Data items
lemma lipschitz_on_compact_if_continuous_derivative:
  fixes f :: "'a::euclidean_space \<Rightarrow> real"
  assumes "compact K" "open W" "K \<subseteq> W"
    and f': "\<And>x. x \<in> W \<Longrightarrow> (f has_derivative (\<lambda>v. Df x \<bullet> v)) (at x)"
    and "continuous_on W Df"
  obtains L where "L-lipschitz_on K f"
proof -
  have "local_lipschitz {0::real} K (\<lambda>_. f)"
  proof (rule local_lipschitzI)
    fix x assume "x \<in> K"
    then obtain u where "0 < u" and u: "cball x u \<subseteq> W"
      using \<open>open W\<close> \<open>K \<subseteq> W\<close> open_contains_cball by blast
    have "compact (Df ` cball x u)"
      using continuous_on_subset[OF \<open>continuous_on W Df\<close> u] by (intro compact_continuous_image) auto
    then obtain B where "0 < B" and B: "\<And>y. y \<in> cball x u \<Longrightarrow> norm (Df y) \<le> B"
      by (auto dest!: compact_imp_bounded simp: bounded_pos)
    have "onorm (\<lambda>v. Df y \<bullet> v) \<le> B" if "y \<in> cball x u" for y
    proof (rule onorm_bound)
      show "norm (Df y \<bullet> v) \<le> B * norm v" for v
        using Cauchy_Schwarz_ineq2[of "Df y" v] B[OF that]
        by (metis norm_ge_zero mult_right_mono order_trans real_norm_def)
    qed (use \<open>0 < B\<close> in simp)
    moreover have "(f has_derivative (\<lambda>v. Df y \<bullet> v)) (at y within cball x u)" if "y \<in> cball x u" for y
      using f' u that by (blast intro: has_derivative_at_withinI)
    ultimately have "B-lipschitz_on (cball x u) f"
      using \<open>0 < B\<close> by (intro bounded_derivative_imp_lipschitz) auto
    then show "\<exists>u>0. \<exists>L. \<forall>t\<in>cball t u \<inter> {0}. L-lipschitz_on (cball x u \<inter> K) f" for t
      using \<open>0 < u\<close> by (meson inf_le1 lipschitz_on_subset)
  qed
  then show ?thesis
    using local_lipschitz_compact_implies_lipschitz[OF _ \<open>compact K\<close> compact_sing] that by auto
qed
(* If $X$ is a finite quasi-metric space, then the Euler characteristic of its realized magnitude nerve is equal to the alternating sum of the ranks of its magnitude homology groups: \[ \chi(B(\Sigma X,\mathbb{1}))= \sum_n (-1)^n \,\mathrm{rk}\, \mathit{HM}_n(X), \] the infinite sum converging in the topology of $\mathbb{Q}(\!(q^\mathbb{R})\!)$.
   Context: A quasi-metric space is a skeletal $[0,\infty)$-enriched category (distances may be asymmetric, $d(x,y)>0$ for $x\ne y$). Let $\mathbf{A}=\prod_\mathbb{R}\mathrm{Ab}$ be $\mathbb{R}$-graded abelian groups with convolution tensor product $(A\otimes B)_\ell=\bigoplus_{j+k=\ell}A_j\otimes B_k$, and $\mathbf{W}=\mathrm{Ch}_\mathbf{A}$. Define $\Sigma:[0,\infty)\to\mathbf{W}$ by $\Sigma(\ell)=\mathbb{Z}$ in chain degree 0 and grading $\ell$, and $0$ elsewhere. $\mathbb{Q}(\!(q^\mathbb{R})\!)$ is the field of Hahn series $\sum_\ell a_\ell q^\ell$ ($a_\ell\in\mathbb{Q}$, well-ordered support), with the valuation topology (a series of Hahn series converges iff the smallest exponents of its terms tend to $\infty$). The Euler characteristic $\chi$ of a (Hahn finite) object of $\mathbf{W}$ is the Hahn series whose $q^\ell$-coefficient is the usual Euler characteristic of the grading-$\ell$ part; the rank of an $\mathbb{R}$-graded abelian group is likewise the Hahn series of the ranks of its graded pieces. The realized magnitude nerve $B(\Sigma X,\mathbb{1})$ is (after normalization) the chain complex whose $n$-chains in grading $\ell$ are freely generated by tuples $(x_0,\dots,x_n)$ with $x_i\neq x_{i+1}$ and $d(x_0,x_1)+\cdots+d(x_{n-1},x_n)=\ell$, with boundary the alternating sum of the face maps $d^i$, where $d^i$ deletes $x_i$ if this does not change the total distance and is $0$ otherwise. Magnitude homology $\mathit{HM}_n(X)=\{\mathit{HM}^\ell_n(X)\}_{\ell\in\mathbb{R}}$ is the homology of this complex. *)

theory Defs
  imports Complex_Main "HOL-Algebra.Free_Abelian_Groups"
begin

definition quasi_metric :: "'a set \<Rightarrow> ('a \<Rightarrow> 'a \<Rightarrow> real) \<Rightarrow> bool" where
  "quasi_metric X d \<longleftrightarrow>
     (\<forall>x\<in>X. \<forall>y\<in>X. 0 \<le> d x y) \<and>
     (\<forall>x\<in>X. d x x = 0) \<and>
     (\<forall>x\<in>X. \<forall>y\<in>X. \<forall>z\<in>X. d x z \<le> d x y + d y z) \<and>
     (\<forall>x\<in>X. \<forall>y\<in>X. x \<noteq> y \<longrightarrow> 0 < d x y)"

text \<open>Total distance of a tuple (x_0,...,x_n), represented as a list of length n+1.\<close>
definition tuple_length :: "('a \<Rightarrow> 'a \<Rightarrow> real) \<Rightarrow> 'a list \<Rightarrow> real" where
  "tuple_length d xs = (\<Sum>i<length xs - 1. d (xs ! i) (xs ! Suc i))"

definition nerve_gens :: "'a set \<Rightarrow> ('a \<Rightarrow> 'a \<Rightarrow> real) \<Rightarrow> nat \<Rightarrow> real \<Rightarrow> 'a list set" where
  "nerve_gens X d n l = {xs. length xs = Suc n \<and> set xs \<subseteq> X \<and>
       (\<forall>i<n. xs ! i \<noteq> xs ! Suc i) \<and> tuple_length d xs = l}"

definition nerve_chains :: "'a set \<Rightarrow> ('a \<Rightarrow> 'a \<Rightarrow> real) \<Rightarrow> nat \<Rightarrow> real \<Rightarrow> ('a list \<Rightarrow>\<^sub>0 int) monoid" where
  "nerve_chains X d n l = free_Abelian_group (nerve_gens X d n l)"

definition delete_at :: "nat \<Rightarrow> 'a list \<Rightarrow> 'a list" where
  "delete_at i xs = take i xs @ drop (Suc i) xs"

definition nerve_face :: "('a \<Rightarrow> 'a \<Rightarrow> real) \<Rightarrow> nat \<Rightarrow> 'a list \<Rightarrow> 'a list \<Rightarrow>\<^sub>0 int" where
  "nerve_face d i xs =
     (if tuple_length d (delete_at i xs) = tuple_length d xs then frag_of (delete_at i xs) else 0)"

definition nerve_boundary :: "('a \<Rightarrow> 'a \<Rightarrow> real) \<Rightarrow> nat \<Rightarrow> ('a list \<Rightarrow>\<^sub>0 int) \<Rightarrow> 'a list \<Rightarrow>\<^sub>0 int" where
  "nerve_boundary d n c =
     (if n = 0 then 0
      else frag_extend (\<lambda>xs. \<Sum>i\<le>n. frag_cmul ((-1) ^ i) (nerve_face d i xs)) c)"

definition magnitude_homology ::
  "'a set \<Rightarrow> ('a \<Rightarrow> 'a \<Rightarrow> real) \<Rightarrow> nat \<Rightarrow> real \<Rightarrow> ('a list \<Rightarrow>\<^sub>0 int) set monoid" where
  "magnitude_homology X d n l =
     subgroup_generated (nerve_chains X d n l)
        {c \<in> carrier (nerve_chains X d n l). nerve_boundary d n c = 0}
     Mod (nerve_boundary d (Suc n) ` carrier (nerve_chains X d (Suc n) l))"

definition lin_indep_Z :: "('g, 'm) monoid_scheme \<Rightarrow> 'g set \<Rightarrow> bool" where
  "lin_indep_Z G S \<longleftrightarrow>
     (\<forall>c :: 'g \<Rightarrow> int. finprod G (\<lambda>s. s [^]\<^bsub>G\<^esub> c s) S = \<one>\<^bsub>G\<^esub> \<longrightarrow> (\<forall>s\<in>S. c s = 0))"

definition ab_rank :: "('g, 'm) monoid_scheme \<Rightarrow> nat" where
  "ab_rank G = Sup {card S | S. finite S \<and> S \<subseteq> carrier G \<and> lin_indep_Z G S}"

text \<open>A Hahn series sum_l a_l q^l is represented by its coefficient function;
  it must have well-ordered support.\<close>
definition is_hahn :: "(real \<Rightarrow> rat) \<Rightarrow> bool" where
  "is_hahn f \<longleftrightarrow> (\<forall>S. S \<subseteq> {l. f l \<noteq> 0} \<longrightarrow> S \<noteq> {} \<longrightarrow> (\<exists>m\<in>S. \<forall>s\<in>S. m \<le> s))"

text \<open>The series sum_n a_n converges to s in the valuation topology: for every bound M,
  eventually the partial sums agree with s in all exponents below M.\<close>
definition hahn_sums :: "(nat \<Rightarrow> real \<Rightarrow> rat) \<Rightarrow> (real \<Rightarrow> rat) \<Rightarrow> bool" where
  "hahn_sums a s \<longleftrightarrow>
     (\<forall>M::real. \<exists>N0. \<forall>N\<ge>N0. \<forall>l<M. (\<Sum>n<N. a n l) = s l)"

text \<open>Euler characteristic of the realized magnitude nerve: the q^l coefficient is the
  Euler characteristic of the grading-l part (a finite sum, as the complex is Hahn finite).\<close>
definition nerve_euler_char :: "'a set \<Rightarrow> ('a \<Rightarrow> 'a \<Rightarrow> real) \<Rightarrow> real \<Rightarrow> rat" where
  "nerve_euler_char X d l =
     (\<Sum>n\<in>{n. ab_rank (nerve_chains X d n l) \<noteq> 0}.
        (-1) ^ n * of_nat (ab_rank (nerve_chains X d n l)))"

definition rank_HM :: "'a set \<Rightarrow> ('a \<Rightarrow> 'a \<Rightarrow> real) \<Rightarrow> nat \<Rightarrow> real \<Rightarrow> rat" where
  "rank_HM X d n l = of_nat (ab_rank (magnitude_homology X d n l))"

end

theory Submission
  imports Defs "HOL-Library.Function_Algebras"
begin

text \<open>In each grading \<open>l\<close> the normalized nerve is a chain complex of finitely generated free
  abelian groups \<open>C\<^sub>n\<close>. Ranks are computed as \<open>\<rat>\<close>-dimensions after embedding integral
  chains into \<open>\<rat>\<close>-valued functions: the rank of a subquotient \<open>K / B\<close> is
  \<open>dim K - dim B\<close>, and rank--nullity for the boundary map gives
  \<open>rk C\<^sub>n\<^sub>+\<^sub>1 = rk Z\<^sub>n\<^sub>+\<^sub>1 + rk B\<^sub>n\<close>. Hence the alternating sum of
  \<open>rk HM\<^sub>n = rk Z\<^sub>n - rk B\<^sub>n\<close> up to \<open>N\<close> equals that of \<open>rk C\<^sub>n\<close> up to the error
  \<open>rk B\<^sub>N\<close>. If \<open>\<delta>\<close> is the least nonzero distance, every \<open>n\<close>-chain has grading at
  least \<open>n \<delta>\<close>; so below any bound only finitely many gradings carry chains (whence the
  supports are well ordered), and for \<open>N\<close> large both \<open>C\<^sub>N\<^sub>+\<^sub>1\<close> and the error vanish.\<close>

section \<open>Linear algebra over \<open>\<rat>\<close>\<close>

definition qscale :: "rat \<Rightarrow> ('b \<Rightarrow> rat) \<Rightarrow> 'b \<Rightarrow> rat" where
  "qscale r f = (\<lambda>x. r * f x)"

interpretation Q: vector_space "qscale :: rat \<Rightarrow> ('b \<Rightarrow> rat) \<Rightarrow> _"
  by unfold_locales (auto simp: qscale_def fun_eq_iff algebra_simps)

definition independent_mod :: "('b \<Rightarrow> rat) set \<Rightarrow> ('b \<Rightarrow> rat) set \<Rightarrow> bool" where
  "independent_mod W R \<longleftrightarrow>
     (\<forall>q. (\<Sum>r\<in>R. qscale (q r) r) \<in> Q.span W \<longrightarrow> (\<forall>r\<in>R. q r = 0))"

[What to do] Check every line above for the string "that" and state how many have it, with no other words.

[Exercise output] 4